■ The task
Count the lines below that contain the word "finally". Give only the number.

(Stored data entries)

================

lemma antipode_mult_expansion:
  "(\<Sum>(a, b)\<leftarrow>D x. \<Sum>(a1, a2)\<leftarrow>D a. \<Sum>(c, d)\<leftarrow>D y. \<Sum>(c1, c2)\<leftarrow>D c.
      S (a1 * c1) * a2 * c2 * S d * S b) = S (x * y)"
proof -
  define F where "F a1 a2 b = (\<Sum>(c, d)\<leftarrow>D y. \<Sum>(c1, c2)\<leftarrow>D c. S (a1 * c1) * a2 * c2 * S d * S b)"
    for a1 a2 b
  have trilin: "H_trilinear smH F"
    unfolding H_trilinear_def F_def
    by (simp add: case_prod_unfold distrib_left distrib_right antipode_add antipode_smult
        smult_mult_left smult_mult_right sum_list_addf smult_sum_list)
  have "(\<Sum>(a, b)\<leftarrow>D x. \<Sum>(a1, a2)\<leftarrow>D a. F a1 a2 b) = (\<Sum>(a, b)\<leftarrow>D x. \<Sum>(b1, b2)\<leftarrow>D b. F a b1 b2)"
    by (rule sum_coprod_coassoc[OF module_H trilin])
  also have "\<dots> = (\<Sum>(a, b)\<leftarrow>D x. \<Sum>(b1, b2)\<leftarrow>D b. S (a * y) * b1 * S b2)"
    by (simp only: F_def antipode_mult_expansion_inner)
  also have "\<dots> = (\<Sum>(a, b)\<leftarrow>D x. S (a * y) * (\<Sum>(b1, b2)\<leftarrow>D b. b1 * S b2))"
    by (simp add: sum_list_const_mult[symmetric] mult.assoc case_prod_unfold)
  also have "\<dots> = S ((\<Sum>(a, b)\<leftarrow>D x. smH (eps b) a) * y)"
    by (simp add: antipode_right[unfolded case_prod_unfold] sum_list_mult_const[symmetric]
        antipode_sum_list case_prod_unfold
        antipode_smult smult_mult_left smult_mult_right)
  finally show ?thesis
    by (simp add: F_def counit_right)
qed

lemma antipode_mult: "S (x * y) = S y * S x"
  using antipode_mult_expansion antipode_mult_expansion_rev by metis

end

section \<open>The tensor products \<open>H\<^sup>\<otimes>\<^sup>r \<otimes>\<^sub>H V\<close>\<close>

definition tapp2 :: "('h \<Rightarrow> 'h \<Rightarrow> 'a list) \<Rightarrow> 'h list \<Rightarrow> 'a list" where
  "tapp2 F l = (if length l = 2 then F (l ! 0) (l ! 1) else [])"

definition tapp3 :: "('h \<Rightarrow> 'h \<Rightarrow> 'h \<Rightarrow> 'a list) \<Rightarrow> 'h list \<Rightarrow> 'a list" where
  "tapp3 F l = (if length l = 3 then F (l ! 0) (l ! 1) (l ! 2) else [])"

locale H_supermodule = cocomm_hopf_algebra smH D eps S
  for smH :: "'f::field_char_0 \<Rightarrow> 'h::ring_1 \<Rightarrow> 'h" and D eps S +
  fixes smV :: "'f \<Rightarrow> 'v::ab_group_add \<Rightarrow> 'v" and V0 V1 :: "'v set" and act :: "'h \<Rightarrow> 'v \<Rightarrow> 'v"
  assumes super: "superspace smV V0 V1" and hmod: "Hmodule smH smV V0 V1 act"
begin

abbreviation teqV_infix :: "('h list \<times> 'v) list \<Rightarrow> ('h list \<times> 'v) list \<Rightarrow> bool" (infix "\<approx>" 50) where
  "X \<approx> Y \<equiv> teqV smH smV D act X Y"

abbreviation span_relV :: "('h list \<times> 'v \<Rightarrow> 'f) set" where
  "span_relV \<equiv> module.span fscale (tensV_rel smH smV D act)"

lemma module_V: "module smV"
  using super by (simp add: superspace_def module_iff_vector_space)

lemma act_add_left: "act (x + y) v = act x v + act y v"
  using hmod by (simp add: Hmodule_def)

lemma act_smult_left: "act (smH c x) v = smV c (act x v)"
  using hmod by (simp add: Hmodule_def)

lemma act_mult: "act (x * y) v = act x (act y v)"
  using hmod by (simp add: Hmodule_def)

lemma act_one: "act 1 v = v"
  using hmod by (simp add: Hmodule_def)

lemma act_parity: "v \<in> Vp V0 V1 p \<Longrightarrow> act x v \<in> Vp V0 V1 p"
  using hmod by (cases p) (auto simp: Hmodule_def Vp_def image_subset_iff)

lemma act_sum_list_left: "act (\<Sum>x\<leftarrow>xs. f x) v = (\<Sum>x\<leftarrow>xs. act (f x) v)"
proof (induction xs)
  case Nil
  show ?case using act_add_left[of 0 0 v] by simp
next
  case (Cons x xs)
  then show ?case by (simp add: act_add_left)
qed

lemma scT_scT: "scT smV a (scT smV b X) = scT smV (a * b) X"
  by (induction X) (auto simp: scT_def module.scale_scale[OF module_V])

lemma scT_one: "scT smV 1 X = X"
  by (induction X) (auto simp: scT_def module.scale_one[OF module_V])

lemma teqV_refl [simp]: "X \<approx> X"
  using module.span_zero[OF module_fscale] by (simp add: teqV_def)

lemma teqV_if_fvec_eq: "fvec X = (fvec Y :: _ \<Rightarrow> 'f) \<Longrightarrow> X \<approx> Y"
  using module.span_zero[OF module_fscale] by (simp add: teqV_def)

lemma teqV_sym: "X \<approx> Y \<Longrightarrow> Y \<approx> X"
  unfolding teqV_def using module.span_neg[OF module_fscale] by fastforce

lemma teqV_trans [trans]: "X \<approx> Y \<Longrightarrow> Y \<approx> Z \<Longrightarrow> X \<approx> Z"
  unfolding teqV_def using module.span_add[OF module_fscale] by fastforce

lemma eq_teqV_trans [trans]: "X = Y \<Longrightarrow> Y \<approx> Z \<Longrightarrow> X \<approx> Z"
  by simp

lemma teqV_eq_trans [trans]: "X \<approx> Y \<Longrightarrow> Y = Z \<Longrightarrow> X \<approx> Z"
  by simp

lemma teqV_append: "X \<approx> Y \<Longrightarrow> Z \<approx> W \<Longrightarrow> X @ Z \<approx> Y @ W"
  unfolding teqV_def fvec_append
  using module.span_add[OF module_fscale] by (fastforce simp: algebra_simps)

lemma teqV_mset: "mset X = mset Y \<Longrightarrow> X \<approx> Y"
  by (intro teqV_if_fvec_eq fvec_mset_cong)

lemma teqV_concat: "(\<And>x. x \<in> set xs \<Longrightarrow> F x \<approx> G x) \<Longrightarrow> concat (map F xs) \<approx> concat (map G xs)"
  by (induction xs) (auto intro: teqV_append)

lemma relV_in_span: "r \<in> tensV_rel smH smV D act \<Longrightarrow> r \<in> span_relV"
  by (rule module.span_base[OF module_fscale])

lemma relV_Hadd:
  "dlt (xs @ [a + b] @ ys, e) - dlt (xs @ [a] @ ys, e) - dlt (xs @ [b] @ ys, e) \<in> span_relV"
  by (rule relV_in_span) (unfold tensV_rel_def, blast)

lemma relV_Hsmult: "dlt (xs @ [smH c a] @ ys, e) - fscale c (dlt (xs @ [a] @ ys, e)) \<in> span_relV"
  by (rule relV_in_span) (unfold tensV_rel_def, blast)

lemma relV_Vadd: "dlt (fs, e + e') - dlt (fs, e) - dlt (fs, e') \<in> span_relV"
  by (rule relV_in_span) (unfold tensV_rel_def, blast)

lemma relV_Vsmult: "dlt (fs, smV c e) - fscale c (dlt (fs, e)) \<in> span_relV"
  by (rule relV_in_span) (unfold tensV_rel_def, blast)

lemma relV_balanced:
  "fs \<noteq> [] \<Longrightarrow>
    fvec (map (\<lambda>hs. (map2 (*) fs hs, e)) (coprod_iter D (length fs) h)) - dlt (fs, act h e) \<in> span_relV"
  by (rule relV_in_span) (unfold tensV_rel_def, blast)

lemma teqV_Hadd: "[(xs @ [a + b] @ ys, e)] \<approx> [(xs @ [a] @ ys, e), (xs @ [b] @ ys, e)]"
  using relV_Hadd[of xs a b ys e] by (simp add: teqV_def fvec_Cons fvec_Nil algebra_simps)

lemma teqV_Vadd: "[(fs, e + e')] \<approx> [(fs, e), (fs, e')]"
  using relV_Vadd[of fs e e'] by (simp add: teqV_def fvec_Cons fvec_Nil algebra_simps)

lemma teqV_balanced:
  "fs \<noteq> [] \<Longrightarrow> map (\<lambda>hs. (map2 (*) fs hs, e)) (coprod_iter D (length fs) h) \<approx> [(fs, act h e)]"
  using relV_balanced by (simp add: teqV_def fvec_single)

lemma fscale_fvec_scT: "fscale c (fvec X) - fvec (scT smV c X) \<in> span_relV"
proof (induction X)
  case Nil
  have "fscale c (\<lambda>x. 0) = (0 :: 'h list \<times> 'v \<Rightarrow> 'f)"
    by (simp add: fscale_def zero_fun_def)
  then show ?case
    using module.span_zero[OF module_fscale] by (simp add: scT_def fvec_Nil zero_fun_def)
next
  case (Cons x X)
  obtain fs e where x: "x = (fs, e)" by (cases x)
  have eq: "fscale c (fvec (x # X)) - fvec (scT smV c (x # X))
      = (fscale c (fvec X) - fvec (scT smV c X)) - (dlt (fs, smV c e) - fscale c (dlt (fs, e)))"
    by (simp add: x scT_def fscale_add fvec_Cons algebra_simps)
  show ?case
    unfolding eq by (rule module.span_diff[OF module_fscale Cons.IH relV_Vsmult])
qed

lemma teqV_Hsmult: "[(xs @ [smH c a] @ ys, e)] \<approx> [(xs @ [a] @ ys, smV c e)]"
proof -
  have "(dlt (xs @ [smH c a] @ ys, e) - fscale c (dlt (xs @ [a] @ ys, e)))
      + (fscale c (fvec [(xs @ [a] @ ys, e)]) - fvec (scT smV c [(xs @ [a] @ ys, e)])) \<in> span_relV"
    by (rule module.span_add[OF module_fscale relV_Hsmult fscale_fvec_scT])
  then show ?thesis
    by (simp add: teqV_def scT_def fvec_single)
qed

lemma teqV_zero: "[(fs, 0)] \<approx> []"
proof -
  have "fscale 0 v = 0" for v :: "'h list \<times> 'v \<Rightarrow> 'f"
    by (simp add: fscale_def fun_eq_iff)
  then show ?thesis
    using relV_Vsmult[of fs 0 0] by (simp add: teqV_def fvec_single fvec_Nil module.scale_zero_left[OF module_V])
qed

lemma teqV_sum_list: "map (\<lambda>x. (fs, g x)) xs \<approx> [(fs, \<Sum>x\<leftarrow>xs. g x)]"
proof (induction xs)
  case Nil
  show ?case using teqV_sym[OF teqV_zero] by simp
next
  case (Cons x xs)
  have "map (\<lambda>x. (fs, g x)) (x # xs) \<approx> [(fs, g x)] @ [(fs, \<Sum>x\<leftarrow>xs. g x)]"
    using teqV_append[OF teqV_refl[of "[(fs, g x)]"] Cons.IH] by simp
  also have "\<dots> \<approx> [(fs, g x + (\<Sum>x\<leftarrow>xs. g x))]"
    using teqV_sym[OF teqV_Vadd] by simp
  finally show ?case by simp
qed

lemma teqV_add_fst: "[([a + b, f], e)] \<approx> [([a, f], e), ([b, f], e)]"
  using teqV_Hadd[of "[]" a b "[f]" e] by simp

lemma teqV_add_snd: "[([f, a + b], e)] \<approx> [([f, a], e), ([f, b], e)]"
  using teqV_Hadd[of "[f]" a b "[]" e] by simp

lemma teqV_smult_fst: "[([smH c a, f], e)] \<approx> [([a, f], smV c e)]"
  using teqV_Hsmult[of "[]" c a "[f]" e] by simp

lemma teqV_smult_snd: "[([f, smH c a], e)] \<approx> [([f, a], smV c e)]"
  using teqV_Hsmult[of "[f]" c a "[]" e] by simp

end

context H_supermodule
begin

lemma fvec_minus_fscale_in_span:
  assumes "X \<approx> scT smV c Y"
  shows "fvec X - fscale c (fvec Y) \<in> span_relV"
proof -
  have "(fvec X - fvec (scT smV c Y)) - (fscale c (fvec Y) - fvec (scT smV c Y)) \<in> span_relV"
    by (rule module.span_diff[OF module_fscale assms[unfolded teqV_def] fscale_fvec_scT])
  then show ?thesis
    by simp
qed

lemma fvec_minus_append_in_span:
  assumes "X \<approx> Y @ Z"
  shows "fvec X - fvec Y - fvec Z \<in> span_relV"
  using assms by (simp add: teqV_def fvec_append diff_diff_eq)

context
  fixes \<phi> :: "'h list \<times> 'v \<Rightarrow> ('h list \<times> 'v) list"
  assumes Hadd: "\<And>xs a b ys e. \<phi> (xs @ [a + b] @ ys, e) \<approx> \<phi> (xs @ [a] @ ys, e) @ \<phi> (xs @ [b] @ ys, e)"
    and Hsmult: "\<And>xs c a ys e. \<phi> (xs @ [smH c a] @ ys, e) \<approx> scT smV c (\<phi> (xs @ [a] @ ys, e))"
    and Vadd: "\<And>fs e e'. \<phi> (fs, e + e') \<approx> \<phi> (fs, e) @ \<phi> (fs, e')"
    and Vsmult: "\<And>fs c e. \<phi> (fs, smV c e) \<approx> scT smV c (\<phi> (fs, e))"
    and balanced: "\<And>fs h e. fs \<noteq> [] \<Longrightarrow>
      concat (map (\<lambda>hs. \<phi> (map2 (*) fs hs, e)) (coprod_iter D (length fs) h)) \<approx> \<phi> (fs, act h e)"
begin

lemma lin_ext_relV_in_span:
  assumes "r \<in> tensV_rel smH smV D act"
  shows "finite (fsupp r) \<and> lin_ext fscale (\<lambda>x. fvec (\<phi> x)) r \<in> span_relV"
proof -
  note lin_ext_simps = lin_ext_diff[OF module_fscale] lin_ext_dlt[OF module_fscale]
    lin_ext_fscale[OF module_fscale] lin_ext_fvec[OF module_fscale] fvec_concat[symmetric]
  from assms consider
    (H_add) xs a b ys e where "r = dlt (xs @ [a + b] @ ys, e) - dlt (xs @ [a] @ ys, e) - dlt (xs @ [b] @ ys, e)"
  | (H_smult) xs c a ys e where "r = dlt (xs @ [smH c a] @ ys, e) - fscale c (dlt (xs @ [a] @ ys, e))"
  | (V_add) fs e e' where "r = dlt (fs, e + e') - dlt (fs, e) - dlt (fs, e')"
  | (V_smult) fs c e where "r = dlt (fs, smV c e) - fscale c (dlt (fs, e))"
  | (bal) fs h e where "fs \<noteq> []"
      "r = fvec (map (\<lambda>hs. (map2 (*) fs hs, e)) (coprod_iter D (length fs) h)) - dlt (fs, act h e)"
    unfolding tensV_rel_def by blast
  then show ?thesis
  proof cases
    case H_add
    then show ?thesis using fvec_minus_append_in_span[OF Hadd] by (simp add: lin_ext_simps)
  next
    case H_smult
    then show ?thesis using fvec_minus_fscale_in_span[OF Hsmult] by (simp add: lin_ext_simps)
  next
    case V_add
    then show ?thesis using fvec_minus_append_in_span[OF Vadd] by (simp add: lin_ext_simps)
  next
    case V_smult
    then show ?thesis using fvec_minus_fscale_in_span[OF Vsmult] by (simp add: lin_ext_simps)
  next
    case bal
    then show ?thesis using balanced[OF bal(1), unfolded teqV_def] by (simp add: lin_ext_simps o_def)
  qed
qed

lemma teqV_concat_cong:
  assumes "X \<approx> Y"
  shows "concat (map \<phi> X) \<approx> concat (map \<phi> Y)"
proof -
  have "lin_ext fscale (\<lambda>x. fvec (\<phi> x)) (fvec X - fvec Y) \<in> span_relV"
    using lin_ext_span_subspace[OF module_fscale module.subspace_span[OF module_fscale]
        lin_ext_relV_in_span] assms
    by (simp add: teqV_def)
  then show ?thesis
    by (simp add: teqV_def lin_ext_diff[OF module_fscale] lin_ext_fvec[OF module_fscale] fvec_concat)
qed

end

lemma teqH_concat_teqV_cong:
  fixes \<psi> :: "'h list \<Rightarrow> ('h list \<times> 'v) list"
  assumes add: "\<And>xs a b ys. \<psi> (xs @ [a + b] @ ys) \<approx> \<psi> (xs @ [a] @ ys) @ \<psi> (xs @ [b] @ ys)"
    and smult: "\<And>xs c a ys. \<psi> (xs @ [smH c a] @ ys) \<approx> scT smV c (\<psi> (xs @ [a] @ ys))"
    and XY: "X \<approx>\<^sub>H Y"
  shows "concat (map \<psi> X) \<approx> concat (map \<psi> Y)"
  using sum_list_teqH_cong[OF module_fscale module.subspace_span[OF module_fscale],
      of "\<lambda>l. fvec (\<psi> l)", OF fvec_minus_append_in_span[OF add] fvec_minus_fscale_in_span[OF smult] XY]
  by (simp add: teqV_def fvec_concat)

================

■ Result of this exercise
2